There are lots of free language exchange events you can find online on Meetup and Couchsurfing. These are a great way to meet different people and practise your language. These events can be tedious and repetitive, but instead of attending the events and introducing yourself again and again, find one or two people who you can arrange a regular one-on-one meet-up with. This way you can develop your skills by engaging in more interesting and deeper conversation topics.
Get out on the dating scene. Regardless of whether you’re looking for a bit of a fun or a something more serious, you will be forced to speak the language constantly. You will have to talk about your life and your interests, your goals and your dreams. Further down the line, you might even have to discuss your feelings and probably have a few arguments. When you are able to yell and cry and chastise in another language, you know you are doing a good job!

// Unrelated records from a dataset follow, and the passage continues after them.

lemma concat_replicate_in_lists: "xs \<in> lists A \<Longrightarrow> concat (replicate n xs) \<in> lists A"
  by (induction n) auto

context monoid
begin

lemma eval_closed: "ws \<in> lists (carrier G) \<Longrightarrow> eval G ws \<in> carrier G"
  by (induction ws) auto

lemma eval_append:
  "ws \<in> lists (carrier G) \<Longrightarrow> vs \<in> lists (carrier G) \<Longrightarrow> eval G (ws @ vs) = eval G ws \<otimes> eval G vs"
  by (induction ws) (auto simp: m_assoc eval_closed)

lemma eval_concat_replicate:
  assumes "ws \<in> lists (carrier G)"
  shows "eval G (concat (replicate n ws)) = eval G ws [^] n"
proof (induction n)
  case (Suc n)
  then show ?case using assms eval_closed[OF assms] concat_replicate_in_lists[OF assms]
    by (simp add: eval_append flip: nat_pow_Suc2)
qed simp

lemma eval_replicate: "x \<in> carrier G \<Longrightarrow> eval G (replicate n x) = x [^] n"
  by (induction n) (simp_all flip: nat_pow_Suc2)

lemma idempotent_pow: "x \<in> carrier G \<Longrightarrow> x \<otimes> x = x \<Longrightarrow> x [^] Suc n = x"
  by (induction n) (simp_all add: nat_pow_Suc2[of x])

text \<open>Every element of a finite monoid has an idempotent positive power: the powers of \<open>x\<close>
  are eventually periodic, and a multiple of the period beyond the preperiod is idempotent.\<close>
lemma finite_idempotent_power:
  assumes fin: "finite (carrier G)" and x: "x \<in> carrier G"
  shows "\<exists>p. x [^] Suc p \<otimes> x [^] Suc p = x [^] Suc p"
proof -
  have "range (\<lambda>n::nat. x [^] n) \<subseteq> carrier G" using x by auto
  then have "finite (range (\<lambda>n::nat. x [^] n))" using fin by (rule finite_subset)
  then have "\<not> inj (\<lambda>n::nat. x [^] n)" using finite_imageD by fastforce
  then obtain a b :: nat where "a \<noteq> b" "x [^] a = x [^] b"
    unfolding inj_def by blast
  then obtain i j :: nat where "i < j" and eq: "x [^] i = x [^] j"
    by (metis nat_neq_iff)
  define d where "d = j - i"
  have d: "0 < d" and "j = i + d" using \<open>i < j\<close> by (simp_all add: d_def)
  have shift: "x [^] (m + d) = x [^] m" if "i \<le> m" for m
  proof -
    have "x [^] (m + d) = x [^] (m - i) \<otimes> x [^] j"
      using that x \<open>j = i + d\<close> by (simp add: nat_pow_mult)
    also have "\<dots> = x [^] m" using that x by (simp add: nat_pow_mult flip: eq)
    finally show ?thesis .
  qed
  have period: "x [^] (m + k * d) = x [^] m" if "i \<le> m" for m k
  proof (induction k)
    case (Suc k)
    have "x [^] (m + Suc k * d) = x [^] ((m + k * d) + d)" by (simp add: algebra_simps)
    also have "\<dots> = x [^] (m + k * d)" using that by (intro shift) simp
    finally show ?case using Suc by simp
  qed simp
  define n where "n = Suc i * d"
  have "0 < n" unfolding n_def using d by simp
  then obtain p where n: "n = Suc p" using gr0_implies_Suc by blast
  have "i \<le> Suc i * 1" by simp
  also have "\<dots> \<le> Suc i * d" using d by (intro mult_le_mono2) simp
  finally have "i \<le> n" unfolding n_def .
  then have "x [^] n \<otimes> x [^] n = x [^] n"
    using period[of n "Suc i"] x by (simp add: nat_pow_mult n_def)
  then show ?thesis unfolding n by blast
qed
end
lemma add_closed_consecutive_large_mem:
  fixes S :: "nat set"
  assumes add: "\<And>a b. a \<in> S \<Longrightarrow> b \<in> S \<Longrightarrow> a + b \<in> S"
    and B: "B \<in> insert 0 S" and SucB: "Suc B \<in> S"
  shows "\<exists>n0. \<forall>n\<ge>n0. n \<in> S"
proof (intro exI allI impI)
  fix n assume n: "B * B + 1 \<le> n"
  define S' where "S' = insert 0 S"
  have mult_mem: "k * x \<in> S'" if "x \<in> S'" for k x
    using add_closed_mult_mem[of S x k] add that by (simp add: S'_def)
  have add_mem: "x + y \<in> S'" if "x \<in> S'" "y \<in> S'" for x y
    using add that by (auto simp: S'_def)
  define q r where "q = n div B" and "r = n mod B"
  have "r \<le> q \<or> B = 0"
  proof (cases "B = 0")
    case False
    then have "B \<le> q" using n unfolding q_def by (metis div_le_mono nonzero_mult_div_cancel_right
          add_leD1)
    then show ?thesis using False by (simp add: r_def le_trans[OF less_imp_le[OF mod_less_divisor]])
  qed simp
  \<comment> \<open>for B = 0 this holds because n div 0 = 0 and n mod 0 = n\<close>
  then have "n = (q - r) * B + r * Suc B"
    by (auto simp: q_def r_def diff_mult_distrib algebra_simps)
  moreover have "(q - r) * B + r * Suc B \<in> S'"
    using B SucB by (intro add_mem mult_mem) (simp_all add: S'_def)
  ultimately show "n \<in> S" using n by (auto simp: S'_def)
qed

section \<open>Stochastic matrices and their powers\<close>

definition stochastic :: "('x::finite \<Rightarrow> 'x \<Rightarrow> real) \<Rightarrow> bool" where
  "stochastic M \<longleftrightarrow> (\<forall>x y. M x y \<ge> 0) \<and> (\<forall>x. (\<Sum>y\<in>UNIV. M x y) = 1)"

definition mat_vec :: "('x::finite \<Rightarrow> 'x \<Rightarrow> real) \<Rightarrow> ('x \<Rightarrow> real) \<Rightarrow> 'x \<Rightarrow> real" where
  "mat_vec K h x = (\<Sum>y\<in>UNIV. K x y * h y)"

lemma sum_mat_mult_assoc:
  fixes a :: "'z \<Rightarrow> real"
  shows "(\<Sum>w\<in>A. (\<Sum>z\<in>B. a z * b z w) * c w) = (\<Sum>z\<in>B. a z * (\<Sum>w\<in>A. b z w * c w))"
  by (simp add: sum_distrib_left sum_distrib_right mult.assoc sum.swap[of _ A])

lemma mstep_nonneg: "stochastic M \<Longrightarrow> mstep M n x y \<ge> 0"
  by (induction n arbitrary: y) (auto simp: stochastic_def intro!: sum_nonneg)

lemma mstep_sum: "stochastic M \<Longrightarrow> (\<Sum>y\<in>UNIV. mstep M n x y) = 1"
proof (induction n)
  case (Suc n)
  have "(\<Sum>y\<in>UNIV. mstep M (Suc n) x y) = (\<Sum>y\<in>UNIV. (\<Sum>z\<in>UNIV. mstep M n x z * M z y) * 1)"
    by simp
  also have "\<dots> = (\<Sum>z\<in>UNIV. mstep M n x z * (\<Sum>y\<in>UNIV. M z y * 1))"
    by (rule sum_mat_mult_assoc)
  also have "\<dots> = 1" using Suc by (simp add: stochastic_def)
  finally show ?case .
qed simp

lemma stochastic_mstep: "stochastic M \<Longrightarrow> stochastic (mstep M n)"
  using mstep_nonneg mstep_sum unfolding stochastic_def by blast

lemma mstep_le_1: "stochastic M \<Longrightarrow> mstep M n x y \<le> 1"
  using member_le_sum[of y UNIV "mstep M n x"] mstep_nonneg mstep_sum by fastforce

lemma mstep_add: "mstep M (m + n) x y = (\<Sum>z\<in>UNIV. mstep M m x z * mstep M n z y)"
proof (induction n arbitrary: y)
  case 0
  show ?case by (simp add: if_distrib[of "(*) _"] cong: if_cong)
next
  case (Suc n)
  then show ?case by (simp add: sum_mat_mult_assoc)
qed

lemma mstep_1: "mstep M 1 x y = M x y"
  by (simp add: if_distrib[of "\<lambda>u. u * _"] cong: if_cong)

lemma mstep_add_ge: "stochastic M \<Longrightarrow> mstep M (m + n) x y \<ge> mstep M m x z * mstep M n z y"
  unfolding mstep_add
  by (rule member_le_sum[where f="\<lambda>z. mstep M m x z * mstep M n z y"]) (auto intro: mult_nonneg_nonneg mstep_nonneg)

lemma mat_vec_mstep_0: "mat_vec (mstep M 0) h x = h x"
  by (simp add: mat_vec_def if_distrib[of "\<lambda>u. u * _"] cong: if_cong)

lemma mat_vec_mstep_add: "mat_vec (mstep M (m + n)) h x = mat_vec (mstep M m) (mat_vec (mstep M n) h) x"
  unfolding mat_vec_def mstep_add by (rule sum_mat_mult_assoc)
lemma right_lcm_of_block_reduction:
  assumes A: "A \<in> carrier_mat n n" and B: "B \<in> carrier_mat n n"
    and F: "F \<in> carrier_mat (n + n) (n + n)" "invertible_mat F"
    and D: "D \<in> carrier_mat n n" and X: "X \<in> carrier_mat n n" and M: "M \<in> carrier_mat n n"
    and eq: "four_block_mat A B (0\<^sub>m n n) B * F = four_block_mat D (0\<^sub>m n n) X M"
    and kernel: "\<forall>Z\<in>carrier_mat n n. D * Z = 0\<^sub>m n n \<longrightarrow> X * Z = 0\<^sub>m n n"
  shows "right_lcm n A B M"
proof -
  obtain F1 F2 F3 F4 where spF: "split_block F n n = (F1, F2, F3, F4)" by (metis prod_cases4)
  note Fb = split_block[OF spF carrier_matD[OF F(1)]]
  note F_eqs = block_reduction_equations(2,3)[OF A B spF F(1) D X M eq]
  have MA: "M = A * (- F2)"
  proof (rule eq_matI)
    fix i j assume "i < dim_row (A * (- F2))" "j < dim_col (A * (- F2))"
    then have ij: "i < n" "j < n" using A Fb by auto
    have "(A * F2 + B * F4) $$ (i,j) = 0" using F_eqs(1) ij by simp
    then show "M $$ (i,j) = (A * (- F2)) $$ (i,j)" using A B Fb ij by (simp add: F_eqs(2) add_eq_0_iff)
  qed (use A M Fb in auto)
  show ?thesis
    unfolding right_lcm_def right_common_multiple_def
  proof (intro conjI ballI impI)
    show "\<exists>P\<in>carrier_mat n n. \<exists>Q\<in>carrier_mat n n. M = A * P \<and> M = B * Q"
      using MA F_eqs(2) Fb by (intro bexI[of _ "- F2"] bexI[of _ F4]) auto
  next
    fix M' assume "M' \<in> carrier_mat n n \<and>
      (\<exists>P\<in>carrier_mat n n. \<exists>Q\<in>carrier_mat n n. M' = A * P \<and> M' = B * Q)"
    then show "left_divisor_mat n M M'"
      using left_divisor_of_common_multiple[OF A B F D X M eq kernel] by blast
  qed (use M in auto)
qed

theorem theorem1p18:
  fixes A B :: "'a::idom mat" and n :: nat
  assumes "bezout_domain TYPE('a)"
    and "A \<in> carrier_mat n n" and "B \<in> carrier_mat n n"
  shows "\<exists>F D X M. F \<in> carrier_mat (2*n) (2*n) \<and> invertible_mat F \<and>
     D \<in> carrier_mat n n \<and> X \<in> carrier_mat n n \<and> M \<in> carrier_mat n n \<and>
     four_block_mat A B (0\<^sub>m n n) B * F = four_block_mat D (0\<^sub>m n n) X M \<and>
     left_gcd n A B D \<and> right_lcm n A B M"
proof -
  let ?G = "four_block_mat A B (0\<^sub>m n n) B"
  have G: "?G \<in> carrier_mat (n + n) (n + n)" using assms(2,3) by auto
  obtain F r where F: "F \<in> carrier_mat (n + n) (n + n)" "invertible_mat F" and r: "r \<le> n"
    and top: "leading_indep_cols r (take_rows n (?G * F))"
    and bottom: "\<forall>i<n. \<forall>j<n. r \<le> j \<longrightarrow> (?G * F) $$ (i + n, j) = 0"
    using exists_block_column_reduction[OF assms(1) G] by blast
  have "?G * F \<in> carrier_mat (n + n) (n + n)" using G F by simp
  then obtain D X M where blocks: "D \<in> carrier_mat n n" "X \<in> carrier_mat n n" "M \<in> carrier_mat n n"
    and eq: "?G * F = four_block_mat D (0\<^sub>m n n) X M"
    and kernel: "\<forall>Z\<in>carrier_mat n n. D * Z = 0\<^sub>m n n \<longrightarrow> X * Z = 0\<^sub>m n n"
    using block_form_of_column_reduction[OF _ r top bottom] by blast
  have "left_gcd n A B D"
    using left_gcd_of_block_reduction[OF assms(2,3) F blocks eq] .
  moreover have "right_lcm n A B M"
    using right_lcm_of_block_reduction[OF assms(2,3) F blocks eq kernel] .
  ultimately show ?thesis
    using F blocks eq by (intro exI[of _ F] exI[of _ D] exI[of _ X] exI[of _ M]) (simp add: mult_2)
qed

end
section \<open>The Moore--Penrose pseudo-inverse of a symmetric matrix\<close>

definition penrose_inverse :: "real^'n^'m \<Rightarrow> real^'m^'n \<Rightarrow> bool" where
  "penrose_inverse A X \<longleftrightarrow> A ** X ** A = A \<and> X ** A ** X = X \<and>
       transpose (A ** X) = A ** X \<and> transpose (X ** A) = X ** A"

lemma penrose_inverse_unique:
  assumes "penrose_inverse A X" "penrose_inverse A Y" shows "X = Y"
proof -
  from assms have X: "A ** X ** A = A" "X ** A ** X = X" "transpose (A ** X) = A ** X"
      "transpose (X ** A) = X ** A"
    and Y: "A ** Y ** A = A" "Y ** A ** Y = Y" "transpose (A ** Y) = A ** Y"
      "transpose (Y ** A) = Y ** A"
    unfolding penrose_inverse_def by auto
  have tA: "transpose A = transpose A ** transpose Y ** transpose A"
    by (metis Y(1) matrix_transpose_mul matrix_mul_assoc)
  have tA': "transpose A = transpose A ** transpose X ** transpose A"
    by (metis X(1) matrix_transpose_mul matrix_mul_assoc)
  have AX: "transpose X ** transpose A = A ** X" by (metis X(3) matrix_transpose_mul)
  have AY: "transpose Y ** transpose A = A ** Y" by (metis Y(3) matrix_transpose_mul)
  have XA: "transpose A ** transpose X = X ** A" by (metis X(4) matrix_transpose_mul)
  have YA: "transpose A ** transpose Y = Y ** A" by (metis Y(4) matrix_transpose_mul)
  have "X = X ** (A ** X)" using X(2) by (simp add: matrix_mul_assoc)
  also have "\<dots> = X ** (transpose X ** transpose A)" using AX by simp
  also have "\<dots> = X ** (transpose X ** (transpose A ** transpose Y ** transpose A))"
    using tA by simp
  also have "\<dots> = X ** (transpose X ** transpose A) ** (transpose Y ** transpose A)"
    by (simp add: matrix_mul_assoc)
  also have "\<dots> = X ** A ** X ** A ** Y" using AX AY by (simp add: matrix_mul_assoc)
  also have "\<dots> = X ** A ** Y" using X(2) by simp
  finally have X_eq: "X = X ** A ** Y" .
  have "Y = (Y ** A) ** Y" using Y(2) by (simp add: matrix_mul_assoc)
  also have "\<dots> = (transpose A ** transpose Y) ** Y" using YA by simp
  also have "\<dots> = (transpose A ** transpose X ** transpose A) ** transpose Y ** Y"
    using tA' by simp
  also have "\<dots> = (transpose A ** transpose X) ** (transpose A ** transpose Y) ** Y"
    by (simp add: matrix_mul_assoc)
  also have "\<dots> = X ** A ** (Y ** A ** Y)" using XA YA by (simp add: matrix_mul_assoc)
  also have "\<dots> = X ** A ** Y" using Y(2) by simp
  finally show ?thesis using X_eq by simp
qed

Making mistakes is the best way to learn. This not only applies for languages, but in life! We all learn from our experiences, so don’t worry about making mistakes! Making an idiot of yourself is a sure way that you won’t make the same mistake again!
Language is used to communicate an idea. In different languages, we used different words to communicate the same idea. When you are learning a language, you need to separate the idea and the word you are using – you are looking to transmit meaning, not translate. For example, you want to link the word manzana to the image of an apple itself, not the word apple. This may be a difficult concept to grasp, but if you can get your head around it, it will change the way you view languages and hopefully make it much easier for you learn!